# Overview of COVID-19 World Vaccination Progress

#### Imported packages

In [None]:
import numpy as np
import pandas as pd
import matplotlib.pyplot as plt

## 1. Introduction

This Notebook briefly overviews the progress made by countries in vaccinating their population. The dataset was taken from Kaggle: "COVID-19 World Vaccination Progress. Daily and Total Vaccination for COVID-19 in the World", and is available [here](https://www.kaggle.com/gpreda/covid-world-vaccination-progress?select=country_vaccinations.csv). Figures were collected daily from *Our World in Data* GitHub repository for COVID-19, merged and uploaded.

The data contains the following information:

- Country - this is the country for which the vaccination information is provided;
- Country ISO Code - ISO code for the country;
- Date - date for the data entry; for some of the dates only the daily vaccinations are available, for others, only the (cumulative) total;
- Total number of vaccinations - this is the absolute number of total immunizations in the country;
- Total number of people vaccinated - a person, depending on the immunization scheme, will receive one or more (typically 2) vaccines; at a certain moment, the number of vaccinations might be larger than the number of people;
- Total number of people fully vaccinated - this is the number of people that received the entire set of immunization according to the immunization scheme (typically 2); at a certain moment in time, there might be a certain number of people that received one vaccine and another number (smaller) of people that received all vaccines in the scheme;
- Daily vaccinations (raw) - for a certain data entry, the number of vaccinations for that date/country;
- Daily vaccinations - for a certain data entry, the number of vaccinations for that date/country;
- Total vaccinations per hundred - ratio (in percent) between vaccination number and total population up to the date in the country;
- Total number of people vaccinated per hundred - ratio (in percent) between population immunized and total population up to the date in the country;
- Total number of people fully vaccinated per hundred - ratio (in percent) between population fully immunized and total population up to the date in the country;
- Number of vaccinations per day - number of daily vaccinations for that day and country;
- Daily vaccinations per million - ratio (in ppm) between vaccination number and total population for the current date in the country;
- Vaccines used in the country - total number of vaccines used in the country (up to date);
- Source name - source of the information (national authority, international organization, local organization etc.);
- Source website - website of the source of information.

## 2. Load the dataset

The dataset was loaded and stored in `country_vaccinations`. A sample of 10 entries is displayed below.

In [None]:
country_vaccinations = pd.read_csv("../input/covid-world-vaccination-progress/country_vaccinations.csv")

In [None]:
country_vaccinations.sample(10)

Dataset's shape (rows, columns) is diplayed below.

In [None]:
country_vaccinations.shape

### 3. Exploratory Data Analysis

The cell below shows the title of all columns in the dataset.

In [None]:
country_vaccinations.columns

The information was collected from 170 countries (as of 8th of April).
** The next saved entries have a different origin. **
definition outlive_event :: "nat set \<Rightarrow> nat set \<Rightarrow> 'a set" where
  "outlive_event A B = {\<omega>\<in>space M. outlives n A (\<lambda>j. T j \<omega>) \<and> outlives n B (\<lambda>j. T j \<omega>)}"

lemma outlive_event_sets:
  assumes "A \<subseteq> {1..n}" "B \<subseteq> {1..n}"
  shows "outlive_event A B \<in> events"
proof -
  have "Measurable.pred M (\<lambda>\<omega>. outlives n A (\<lambda>j. T j \<omega>) \<and> outlives n B (\<lambda>j. T j \<omega>))"
    using assms T_measurable by (intro pred_intros_logic(3) pred_outlives) auto
  then show ?thesis
    by (simp add: outlive_event_def pred_def)
qed

lemma disjoint_family_outlive_event:
  "disjoint_family_on (\<lambda>(A, B). outlive_event A B)
     ({A. A \<subseteq> {1..n} \<and> card A = a} \<times> {B. B \<subseteq> {1..n} \<and> card B = b})"
  unfolding disjoint_family_on_def
proof (intro ballI impI)
  fix p q
  assume "p \<in> {A. A \<subseteq> {1..n} \<and> card A = a} \<times> {B. B \<subseteq> {1..n} \<and> card B = b}"
    and "q \<in> {A. A \<subseteq> {1..n} \<and> card A = a} \<times> {B. B \<subseteq> {1..n} \<and> card B = b}"
    and "p \<noteq> q"
  then obtain A B A' B' where pq: "p = (A, B)" "q = (A', B')" "(A, B) \<noteq> (A', B')"
    and sub: "A \<subseteq> {1..n}" "B \<subseteq> {1..n}" "A' \<subseteq> {1..n}" "B' \<subseteq> {1..n}"
    and card: "card A = card A'" "card B = card B'"
    by (cases p, cases q) auto
  show "(case p of (A, B) \<Rightarrow> outlive_event A B) \<inter> (case q of (A, B) \<Rightarrow> outlive_event A B) = {}"
  proof (rule ccontr)
    assume "(case p of (A, B) \<Rightarrow> outlive_event A B) \<inter> (case q of (A, B) \<Rightarrow> outlive_event A B) \<noteq> {}"
    then obtain \<omega> where "outlives n A (\<lambda>j. T j \<omega>)" "outlives n B (\<lambda>j. T j \<omega>)"
      "outlives n A' (\<lambda>j. T j \<omega>)" "outlives n B' (\<lambda>j. T j \<omega>)"
      by (auto simp: pq outlive_event_def)
    then have "A = A'" "B = B'"
      using outlives_unique[OF sub(1,3) _ _ card(1)] outlives_unique[OF sub(2,4) _ _ card(2)] by auto
    then show False
      using pq(3) by simp
  qed
qed

lemma prob_outlive_event_permute:
  assumes \<pi>: "bij_betw \<pi> {1..n} {1..n}" and A: "A \<subseteq> {1..n}" and B: "B \<subseteq> {1..n}"
  shows "prob (outlive_event (\<pi> ` A) (\<pi> ` B)) = prob (outlive_event A B)"
proof (cases "n = 0")
  case True
  then show ?thesis
    using A B by simp
next
  case False
  let ?B = "\<Pi>\<^sub>M i\<in>{1..n}. (borel :: real measure)"
  let ?S = "{x\<in>space ?B. outlives n A x \<and> outlives n B x}"
  have "Measurable.pred ?B (\<lambda>x. outlives n A x \<and> outlives n B x)"
    using A B by (intro pred_intros_logic(3) pred_outlives measurable_component_singleton) auto
  then have S: "?S \<in> sets ?B"
    by (simp add: pred_def)
  have "outlive_event (\<pi> ` A) (\<pi> ` B) = {\<omega>\<in>space M. (\<lambda>i\<in>{1..n}. T (\<pi> i) \<omega>) \<in> ?S}"
    using outlives_image[OF \<pi> A] outlives_image[OF \<pi> B] outlives_restrict[OF A] outlives_restrict[OF B]
    by (auto simp: outlive_event_def comp_def space_PiM)
  moreover have "outlive_event A B = {\<omega>\<in>space M. (\<lambda>i\<in>{1..n}. T i \<omega>) \<in> ?S}"
    using outlives_restrict[OF A] outlives_restrict[OF B] by (auto simp: outlive_event_def space_PiM)
  moreover have "1 \<in> {1..n}"
    using False by simp
  ultimately show ?thesis
    using prob_indep_identical_permute[OF indep _ ident \<pi> S] by simp
qed

lemma pred_state_set_order_stat:
  assumes "k \<le> n"
  shows "Measurable.pred M (\<lambda>\<omega>. \<phi> (state_set n T (order_stat n T k \<omega>) \<omega>))"
proof -
  let ?S = "\<lambda>\<omega>. state_set n T (order_stat n T k \<omega>) \<omega>"
  have mem: "Measurable.pred M (\<lambda>\<omega>. j \<in> ?S \<omega>)" if j: "j \<in> {1..n}" for j
  proof -
    have less: "Measurable.pred M (\<lambda>\<omega>. T i \<omega> < T j \<omega>)" if "i \<in> {1..n}" for i
      using T_measurable[OF that] T_measurable[OF j] by measurable
    show ?thesis
    proof (cases "k = 0")
      case True
      then have eq: "(\<lambda>\<omega>. j \<in> ?S \<omega>) = (\<lambda>\<omega>. 0 < T j \<omega>)"
        using j by (simp add: state_set_def order_stat_def)
      show ?thesis
        unfolding eq using T_measurable[OF j] by measurable
    next
      case False
      then have "(\<lambda>\<omega>. j \<in> ?S \<omega>) = (\<lambda>\<omega>. k \<le> card {i\<in>{1..n}. T i \<omega> < T j \<omega>})"
        using order_stat_less_iff[of k n j T] assms j by (simp add: state_set_def)
      then show ?thesis
        using less by (simp add: pred_le_card)
    qed
  qed
  show ?thesis
    using mem by (rule pred_set_valued[of "{1..n}", rotated 2]) (auto simp: state_set_def)
qed

lemma sum_prob_nested_outlive_events:
  assumes "b \<le> a" "a \<le> n"
  shows "(\<Sum>(A, B)\<in>{(A, B). A \<subseteq> {1..n} \<and> card A = a \<and> B \<subseteq> A \<and> card B = b}. prob (outlive_event A B)) = 1"
    (is "(\<Sum>(A, B)\<in>?Q. _) = 1")
proof -
  have Q_sub: "?Q \<subseteq> {A. A \<subseteq> {1..n} \<and> card A = a} \<times> {B. B \<subseteq> {1..n} \<and> card B = b}"
    by auto
  have "prob (space M) = (\<Sum>p\<in>?Q. prob (case p of (A, B) \<Rightarrow> outlive_event A B))"
  proof (rule prob_eq_sum_AE_partition)
    show "finite ?Q"
      by (rule finite_subset[of _ "Pow {1..n} \<times> Pow {1..n}"]) auto
    show "disjoint_family_on (\<lambda>(A, B). outlive_event A B) ?Q"
      by (rule disjoint_family_on_mono[OF Q_sub disjoint_family_outlive_event])
    show "(case p of (A, B) \<Rightarrow> outlive_event A B) \<in> events" if "p \<in> ?Q" for p
      using that by (auto intro!: outlive_event_sets)
    show "AE \<omega> in M. \<omega> \<in> space M \<longleftrightarrow> (\<exists>p\<in>?Q. \<omega> \<in> (case p of (A, B) \<Rightarrow> outlive_event A B))"
      using AE_distinct_positive AE_space
    proof eventually_elim
      case (elim \<omega>)
      let ?S = "\<lambda>k. state_set n T (order_stat n T k \<omega>) \<omega>"
      have S: "?S k \<subseteq> {1..n}" "card (?S k) = n - k" "outlives n (?S k) (\<lambda>j. T j \<omega>)" if "k \<le> n" for k
        using elim card_state_set_order_stat[of T \<omega> n k] that outlives_state_set[of n T _ \<omega>]
        by (auto simp: state_set_def)
      have "?S (n - b) \<subseteq> ?S (n - a)"
        by (rule outlives_subset[where n=n and x="\<lambda>j. T j \<omega>"]) (use S assms in auto)
      then have "(?S (n - a), ?S (n - b)) \<in> ?Q"
        using S assms by auto
      moreover have "\<omega> \<in> outlive_event (?S (n - a)) (?S (n - b))"
        using elim by (simp add: outlive_event_def outlives_state_set)
      ultimately show ?case
        using elim by auto
    qed
  qed simp
  then show ?thesis
    by (simp add: prob_space case_prod_beta)
qed
(* Let $(X,\sigma,\tau)$ be a separable, chronologically dense Lorentzian metric space satisfying the S-property, and let $(P,F),(P',F')\in\overline{X}$ with $F\neq\emptyset\neq P'$. Then there exist a past chain $\{q_n\}$ with $F=I^+[\{q_n\}]$ and a future chain $\{p'_n\}$ with $P'=I^-[\{p'_n\}]$; for any such chains the limit $\lim_n\tau(q_n,p'_n)$ exists in $[0,\infty]$, and it does not depend on the choice of the chains. Consequently $\overline{\tau}:\overline X\times\overline X\to[0,\infty]$ is well defined.
   Context: A Lorentzian metric space $(X,\sigma,\tau)$ is a topological space with $\tau:X\times X\to[0,\infty]$ lower semicontinuous and satisfying $\tau(x,z)\geq\tau(x,y)+\tau(y,z)$ whenever $\tau(x,y),\tau(y,z)>0$. Write $x\ll y$ iff $\tau(x,y)>0$, $I^+(x)=\{y:x\ll y\}$, $I^-(x)=\{y:y\ll x\}$, $I^\pm[A]=\bigcup_{a\in A}I^\pm(a)$. Future (resp. past) chain: $x_n\ll x_{n+1}$ (resp. $x_{n+1}\ll x_n$) for all $n$. Separable: there is a countable $S$ with $x\ll y\Rightarrow\exists s\in S$, $x\ll s\ll y$. Chronologically dense: every $x$ with $I^-(x)\neq\emptyset$ (resp. $I^+(x)\neq\emptyset$) is the $\sigma$-limit of a future (resp. past) chain. Past set: $P=I^-[P]$; $\downarrow S=I^-[\{p:p\ll q\ \forall q\in S\}]$; IP: past set not the union of two proper past subsets; PIP: IP of the form $I^-(p)$; future sets, $\uparrow S$, IF, PIF dually. For nonempty IP $P$ and IF $F$, $P\sim_S F$ iff $P$ is a maximal IP in $\downarrow F$ and $F$ a maximal IF in $\uparrow P$; $P\sim_S\emptyset$ (resp. $\emptyset\sim_S F$) if the nonempty $P$ (resp. $F$) is S-related to no nonempty IF (resp. IP). S-property: for every $x$, $I^-(x)\sim_S I^+(x)$, and no PIF other than $I^+(x)$ (resp. PIP other than $I^-(x)$) is S-related to $I^-(x)$ (resp. $I^+(x)$). c-completion $\overline X=\{(P,F):P\sim_S F\}$. The map $\overline\tau$ is defined by $\overline\tau((P,F),(P',F'))=0$ if $F=\emptyset$ or $P'=\emptyset$, and $\overline\tau((P,F),(P',F'))=\lim_n\tau(q_n,p'_n)$ otherwise, with chains as in the claim. *)

theory Defs
  imports Complex_Main "HOL-Library.Extended_Nonnegative_Real"
begin

text \<open>Lorentzian metric spaces. The topology sigma is the topology of the
 type 'a (class topological_space), so X is the whole type. The time
 separation tau takes values in [0,\<infinity>] = ennreal.\<close>

definition lsc :: "('b::topological_space \<Rightarrow> 'c::linorder) \<Rightarrow> bool" where
  "lsc f \<longleftrightarrow> (\<forall>z c. c < f z \<longrightarrow> eventually (\<lambda>w. c < f w) (nhds z))"

definition lorentzian_metric_space :: "('a::topological_space \<Rightarrow> 'a \<Rightarrow> ennreal) \<Rightarrow> bool" where
  "lorentzian_metric_space tau \<longleftrightarrow>
     lsc (\<lambda>(x, y). tau x y) \<and>
     (\<forall>x y z. tau x y > 0 \<and> tau y z > 0 \<longrightarrow> tau x z \<ge> tau x y + tau y z)"

definition chron :: "('a \<Rightarrow> 'a \<Rightarrow> ennreal) \<Rightarrow> 'a \<Rightarrow> 'a \<Rightarrow> bool" where
  "chron tau x y \<longleftrightarrow> tau x y > 0"

definition Ifut :: "('a \<Rightarrow> 'a \<Rightarrow> ennreal) \<Rightarrow> 'a \<Rightarrow> 'a set" where
  "Ifut tau x = {y. chron tau x y}"

definition Ipast :: "('a \<Rightarrow> 'a \<Rightarrow> ennreal) \<Rightarrow> 'a \<Rightarrow> 'a set" where
  "Ipast tau x = {y. chron tau y x}"

definition IfutS :: "('a \<Rightarrow> 'a \<Rightarrow> ennreal) \<Rightarrow> 'a set \<Rightarrow> 'a set" where
  "IfutS tau A = (\<Union>a\<in>A. Ifut tau a)"

definition IpastS :: "('a \<Rightarrow> 'a \<Rightarrow> ennreal) \<Rightarrow> 'a set \<Rightarrow> 'a set" where
  "IpastS tau A = (\<Union>a\<in>A. Ipast tau a)"

definition future_chain :: "('a \<Rightarrow> 'a \<Rightarrow> ennreal) \<Rightarrow> (nat \<Rightarrow> 'a) \<Rightarrow> bool" where
  "future_chain tau x \<longleftrightarrow> (\<forall>n. chron tau (x n) (x (Suc n)))"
These are listed below.

In [None]:
len(country_vaccinations.country.unique())

In [None]:
country_vaccinations.country.unique()

Data were collected daily per country. There are figures for 115 days (as of 8th of April, 2021), starting from 13-th December, 2020.

In [None]:
country_vaccinations.date.unique()

In [None]:
# Count days with entries
len(country_vaccinations.date.unique())

Dataset's description shows that there are many missing values. General statistics is displayed below.

In [None]:
country_vaccinations.describe().T

The first and the last three columns are 'object' type. The remaining ones contain floating point values.

In [None]:
country_vaccinations.dtypes

Columns "iso_code", "source_name", and "source_website" do not hold information valuable for this analysis. Therefore, they were removed from the dataset.

In [None]:
country_vaccinations = country_vaccinations.drop(["iso_code", "source_name", "source_website"], axis = 1)

In [None]:
country_vaccinations.shape

It would be interesting for one to see which vaccines were used mostly. A brief check shows that the countries didn't provide information for each vaccine type (producer); instead, there are combinations such as `Moderna, Oxford/AstraZeneca, Pfizer/BioNTech`, which makes detailed analysis impossible.

In [None]:
country_vaccinations.vaccines.unique()

Counting immunizations with different vaccine combinations is not very informative either.

In [None]:
country_vaccinations.groupby("vaccines").size()

### 3.1. Fully vaccinated people

This first sub-chapter explores the number of fully vaccinated people in each country.

"Fully vaccinated people" are those people who received the entire set of immunization according to the immunization scheme (typically 2). At a certain moment in time, there might be a certain number of people that received one vaccine and another number (smaller) of people that received all vaccines in the scheme.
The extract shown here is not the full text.